# moreno claro (color de tez)



## Marissita

Hola,

Estoy traduciendo un texto al ingles y queria saber la mejor traduccion para color de la tez: "moreno claro."  

Gracias!

-Marissa


----------



## 50something

I'd say "light brunette" or "light brown-skinned".


----------



## Marissita

Gracias!  muy amable!


----------



## Soy Yo

o "light-skinned brunette"?


----------



## 50something

"light-skinned brunette" esta mucho mejor Soy-Yo. I'd go for that one.

Gary


----------



## Barbara S.

I don't like brunette. Light-skinned brown skin implies dark hair. Moreno in Mexico has a different meaning than moreno in Spain. A white skinned person with brown hair in Spain is a moreno. A moreno in Mexico is someone with very dark skin (and, of course, dark hair). By the way, moreno comes from the word "moro" Moor. Black people used to be called Moors in English.


----------



## Soy Yo

I agree with you that "moreno" has different meanings in different places.   Perhaps I made the mistake of following cochabamba's lead with "brunette."

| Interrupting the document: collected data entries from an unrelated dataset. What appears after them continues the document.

definition S_ideal :: "nat \<Rightarrow> nat \<Rightarrow> (nat \<Rightarrow> int) set \<Rightarrow> (nat \<Rightarrow> int) set" where
  "S_ideal p k J = ideal_gen_R p k (indR (k - 1) ` J \<union> jndR p k (k - 1) ` J)"

end

theory Submission
  imports Defs "HOL-Number_Theory.Number_Theory"
begin

text \<open>Write a \<in> R_h as \<Sum>_i m_i X_{h,i}. Its marks \<phi>_j(a) = \<Sum>_{s\<ge>j} m_s p^(h-s), j \<le> h,
  are ring homomorphisms R_h \<rightarrow> \<int> that jointly determine a. Under the marks, res^{h+1}_h
  becomes the identity, ind multiplication by p and jnd p-th powering; the divisions in jnd
  are exact because (x + y p^e)^p \<equiv> x^p mod p^(e+1). Hence res is a ring homomorphism with
  res (ind a) = p a and res (jnd a) = a^p, so L(I) = res\<inverse>(I) is an ideal containing the
  generators of S(I). Both therefore extend the given ideal, and any extension J satisfies
  S(I) \<subseteq> J \<subseteq> L(I) directly by the conditions on ind, jnd and res.\<close>

lemma int_prime_dvd_pow_self_diff:
  fixes m :: int assumes p: "prime p"
  shows "int p dvd m ^ p - m"
proof -
  define r where "r = nat (m mod int p)"
  have p0: "p > 0" using p prime_gt_0_nat by blast
  have m_r: "[m = int r] (mod int p)" unfolding r_def using p0
    by (simp add: cong_def)
  have "[r ^ p = r] (mod p)"
  proof (cases "p dvd r")
    case True then show ?thesis
      by (metis cong_def dvd_imp_mod_0 p prime_gt_0_nat dvd_power dvd_trans dvd_refl mod_eq_0_iff_dvd)
  next
    case False
    from fermat_theorem[OF p False] have "[r ^ (p - 1) * r = 1 * r] (mod p)"
      by (rule cong_mult) simp
    moreover have "r ^ (p - 1) * r = r ^ p" using p0
      by (metis Suc_diff_1 power_Suc2)
    ultimately show ?thesis by simp
  qed
  then have "[int r ^ p = int r] (mod int p)"
    by (metis cong_int_iff of_nat_power)
  moreover have "[m ^ p = int r ^ p] (mod int p)" using m_r by (rule cong_pow)
  ultimately have "[m ^ p = m] (mod int p)" using m_r
    by (meson cong_sym cong_trans)
  then show ?thesis by (simp add: cong_iff_dvd_diff)
qed

lemma prime_power_dvd_pow_diff:
  fixes x y :: int assumes p: "prime p" and e: "e \<ge> 1"
  shows "int p ^ (e + 1) dvd (x + y * int p ^ e) ^ p - x ^ p"
proof -
  define a where "a = x + y * int p ^ e"
  have factor: "a ^ p - x ^ p = (a - x) * (\<Sum>i<p. x ^ (p - Suc i) * a ^ i)"
    by (rule power_diff_sumr2)
  have "[a = x] (mod int p)"
    using e by (simp add: a_def cong_iff_dvd_diff dvd_power)
  then have "[(\<Sum>i<p. x ^ (p - Suc i) * a ^ i) = (\<Sum>i<p. x ^ (p - Suc i) * x ^ i)] (mod int p)"
    by (intro cong_sum cong_mult cong_refl cong_pow)
  moreover have "(\<Sum>i<p. x ^ (p - Suc i) * x ^ i) = (\<Sum>i<p. x ^ (p - 1))"
    by (intro sum.cong refl) (simp add: power_add[symmetric])
  ultimately have "int p dvd (\<Sum>i<p. x ^ (p - Suc i) * a ^ i)"
    by (simp add: cong_def flip: cong_0_iff)
  moreover have "a - x = y * int p ^ e" by (simp add: a_def)
  ultimately have "int p ^ e * int p dvd (a - x) * (\<Sum>i<p. x ^ (p - Suc i) * a ^ i)"
    by (simp add: mult_dvd_mono)
  then show ?thesis using factor by (simp add: a_def mult.commute)
qed

definition mark :: "nat \<Rightarrow> nat \<Rightarrow> (nat \<Rightarrow> int) \<Rightarrow> nat \<Rightarrow> int" where
  "mark p h a j = (\<Sum>s=j..h. a s * int p ^ (h - s))"

lemma mark_eq_Suc: "j \<le> h \<Longrightarrow> mark p h a j = a j * int p ^ (h - j) + mark p h a (Suc j)"
  unfolding mark_def by (simp add: sum.atLeast_Suc_atMost)

lemma mark_Suc_top [simp]: "mark p h a (Suc h) = 0"
  unfolding mark_def by simp

lemma carR_eq_if_marks_eq:
  assumes p: "p > 0" and a: "a \<in> carR h" and b: "b \<in> carR h"
    and marks: "\<And>j. j \<le> h \<Longrightarrow> mark p h a j = mark p h b j"
  shows "a = b"
proof
  fix t
  show "a t = b t"
  proof (cases "t \<le> h")
    case True
    have "mark p h a (Suc t) = mark p h b (Suc t)"
      using marks True by (cases "t = h") auto
    moreover have "mark p h a t = mark p h b t" using marks True by simp
    ultimately have "a t * int p ^ (h - t) = b t * int p ^ (h - t)"
      using mark_eq_Suc[OF True] by (metis add_right_cancel)
    then show ?thesis using p by simp
  next
    case False then show ?thesis using a b by (simp add: carR_def)
  qed
qed
(* Let $I$ be an index set and $P_r,Q_r\in GL(n,\mathbb R)$ for $r\in I$. There exists a $C^1$-diffeomorphism (respectively, a real-analytic diffeomorphism with real-analytic inverse) $f\colon\mathbb R^n\to\mathbb R^n$ with $f(P_rx)=Q_rf(x)$ for all $x\in\mathbb R^n$, $r\in I$, if and only if there exists $C\in GL(n,\mathbb R)$ with $CP_r=Q_rC$ for all $r\in I$. *)

theory Defs
  imports "HOL-Analysis.Analysis"
begin

definition C1_map :: "(real^'n \<Rightarrow> real^'m) \<Rightarrow> bool" where
  "C1_map f \<longleftrightarrow> (\<exists>f' :: (real^'n) \<Rightarrow> ((real^'n) \<Rightarrow>\<^sub>L (real^'m)).
      (\<forall>x. (f has_derivative blinfun_apply (f' x)) (at x)) \<and> continuous_on UNIV f')"

definition C1_diffeo :: "(real^'n \<Rightarrow> real^'n) \<Rightarrow> bool" where
  "C1_diffeo f \<longleftrightarrow> bij f \<and> C1_map f \<and> C1_map (inv f)"

definition monomial_at :: "real^'n \<Rightarrow> ('n \<Rightarrow> nat) \<Rightarrow> real^'n \<Rightarrow> real" where
  "monomial_at x0 al y = prod (\<lambda>i. (y$i - x0$i) ^ (al i)) UNIV"

definition real_analytic_at :: "(real^'n \<Rightarrow> real^'m) \<Rightarrow> real^'n \<Rightarrow> bool" where
  "real_analytic_at f x0 \<longleftrightarrow> (\<exists>r>0. \<exists>a :: ('n \<Rightarrow> nat) \<Rightarrow> real^'m.
      \<forall>y\<in>ball x0 r.
        ((\<lambda>al. norm (monomial_at x0 al y *\<^sub>R a al)) summable_on UNIV) \<and>
        ((\<lambda>al. monomial_at x0 al y *\<^sub>R a al) has_sum f y) UNIV)"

Do you have other suggestions?  Light-skinned mulatto?    Light-skinned mestizo?  Light-skinned black?


----------



## westopia

light-brown skin ???


----------



## Soy Yo

Posiblemente...ah claro que sí.  Me habría ayudado más contexto... yo creí que se refería a una persona de rasgos que típicamente son acompañados por una tez oscura....por eso lo de brunette, etc.


----------



## Barbara S.

In Mexico moreno usually refers to anyone whose skin is darker than the norm for that region. But Mexicans in the U.S. - who in Mexico would be called moreno - call black people morenos and refer to themselves as mexicanos.


----------



## 50something

Soy Yo, regarding to "moreno claro" at the very beginning, I think the term is refferred to the color of the skin of a brunette person. I really don't think Marissita was talking about a black race person. "Moreno" for mexicans in the US doesn't have grey tones does it?. Therefore, I think my lead was adequately followed Soy Yo.

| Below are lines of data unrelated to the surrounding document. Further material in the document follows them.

lemma nested_matching_edges_monochromatic_iff:
  "(\<forall>u<2*k. \<forall>v<2*k. {u, v} \<in> edges (nested_matching (2*k)) \<longrightarrow> c {\<phi> u, \<phi> v} = j)
    \<longleftrightarrow> (\<forall>i<k. c {\<phi> i, \<phi> (2*k - 1 - i)} = j)"
proof
  assume edges: "\<forall>u<2*k. \<forall>v<2*k. {u, v} \<in> edges (nested_matching (2*k)) \<longrightarrow> c {\<phi> u, \<phi> v} = j"
  show "\<forall>i<k. c {\<phi> i, \<phi> (2*k - 1 - i)} = j"
  proof (intro allI impI)
    fix i assume "i < k"
    then have "{i, 2*k - 1 - i} \<in> edges (nested_matching (2*k))"
      unfolding edges_nested_matching by (intro CollectI exI[of _ i]) simp
    then show "c {\<phi> i, \<phi> (2*k - 1 - i)} = j"
      using edges \<open>i < k\<close> by simp
  qed
next
  assume pairs: "\<forall>i<k. c {\<phi> i, \<phi> (2*k - 1 - i)} = j"
  show "\<forall>u<2*k. \<forall>v<2*k. {u, v} \<in> edges (nested_matching (2*k)) \<longrightarrow> c {\<phi> u, \<phi> v} = j"
  proof (intro allI impI)
    fix u v assume "{u, v} \<in> edges (nested_matching (2*k))"
    then obtain w where "w < k" "{u, v} = {w, 2*k - 1 - w}"
      unfolding edges_nested_matching by auto
    then have "{\<phi> u, \<phi> v} = {\<phi> w, \<phi> (2*k - 1 - w)}"
      by (auto simp: doubleton_eq_iff)
    then show "c {\<phi> u, \<phi> v} = j"
      using pairs \<open>w < k\<close> by simp
  qed
qed

lemma incr_embedding_nested_matching_iff:
  "incr_embedding (nested_matching (2*k)) n c j \<phi> \<longleftrightarrow> nested_embedding c j k {0..<n} \<phi>"
  unfolding incr_embedding_def nested_embedding_def order_nested_matching
    nested_matching_edges_monochromatic_iff ..
lemma grid_chain_psubset_Suc:
  assumes "0 < N" "i < N"
  shows "grid_chain N i \<subset> grid_chain N (Suc i)"
proof -
  define k where "k = i div 2"
  define c c' where "c = real k / N" and "c' = real (Suc k) / N"
  define m where "m = real (2 * k + 1) / (2 * N)"
  have Y: "grid_chain N i = collar c (if even i then {} else {c', 1 - c'})"
    using assms by (simp add: grid_chain_def k_def c_def c'_def)
  have "2 * k + 1 \<le> N"
    using assms(2) unfolding k_def by linarith
  have cm: "c < m" and mc': "m < c'" and mc: "m < 1 - c" and mc'': "m \<noteq> 1 - c'"
    using grid_cell_bounds(1-4)[OF assms(1) \<open>2 * k + 1 \<le> N\<close>] by (simp_all add: c_def c'_def m_def)
  have "0 \<le> c" by (simp add: c_def)
  with cm mc' mc mc''
  have m_new: "m \<notin> grid_chain N i"
    by (auto simp: Y collar_def)
  have m_unit: "m \<in> {0..1}"
    using \<open>0 \<le> c\<close> cm mc by auto
  have "grid_chain N i \<subseteq> {0..1}"
    by (auto simp: Y collar_def)
  consider "Suc i = N" | "Suc i < N" "odd i" | "Suc i < N" "even i"
    using assms(2) Suc_lessI by blast
  then show ?thesis
  proof cases
    case 1
    then have "grid_chain N (Suc i) = {0..1}"
      by (simp add: grid_chain_def)
    then show ?thesis
      using m_new m_unit \<open>grid_chain N i \<subseteq> {0..1}\<close> by blast
  next
    case 2
    then have Y': "grid_chain N (Suc i) = collar c' {}"
      by (simp add: grid_chain_def k_def c'_def)
    have "c \<le> c'" using cm mc' by linarith
    then have "grid_chain N i \<subseteq> grid_chain N (Suc i)"
      using 2 \<open>grid_chain N i \<subseteq> {0..1}\<close> by (auto simp: Y Y' collar_def)
    moreover have "m \<in> grid_chain N (Suc i)"
      using m_unit mc' by (simp add: Y' collar_def)
    ultimately show ?thesis
      using m_new by blast
  next
    case 3
    then have Y': "grid_chain N (Suc i) = collar c {c', 1 - c'}"
      by (simp add: grid_chain_def k_def c_def c'_def)
    have "2 * k + 1 < N"
      using 3 unfolding k_def by presburger
    then have "c' < 1 - c"
      using grid_cell_bounds(5)[OF assms(1) \<open>2 * k + 1 \<le> N\<close>] by (simp add: c_def c'_def)
    moreover have "c < c'" using cm mc' by linarith
    ultimately have "c' \<notin> grid_chain N i"
      using 3 by (simp add: Y collar_def)
    moreover have "c' \<in> grid_chain N (Suc i)"
      using \<open>c < c'\<close> \<open>c' < 1 - c\<close> \<open>0 \<le> c\<close> by (simp add: Y' collar_def)
    moreover have "grid_chain N i \<subseteq> grid_chain N (Suc i)"
      using 3 by (auto simp: Y Y' collar_def)
    ultimately show ?thesis by blast
  qed
qed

So, I would stick to "light-skinned brunette".

Gary


----------



## Gato_Gordo

I completely agree with  Barbara, and in some cases I've heard the term *Tanned *to describe a person with a slightly darker shade of skin color than the rest of the community (whatever the race), in the same way mexicans use *moreno* as Barbara described.


----------



## 50something

I would say that a tanned person is not *necessarily* light moreno. Sometimes they look orange too.


----------



## Gato_Gordo

> I would say that a tanned person is not *necessarily* light moreno. Sometimes they look orange too.



Of course, some recently tanned people look more like boiled shrimps ^_^

I meant it as a manner of speak used by some people I've heard.


----------



## pejeman

Barbara S. said:


> In Mexico moreno usually refers to anyone whose skin is darker than the norm for that region. But Mexicans in the U.S. - who in Mexico would be called moreno - call black people morenos and refer to themselves as mexicanos.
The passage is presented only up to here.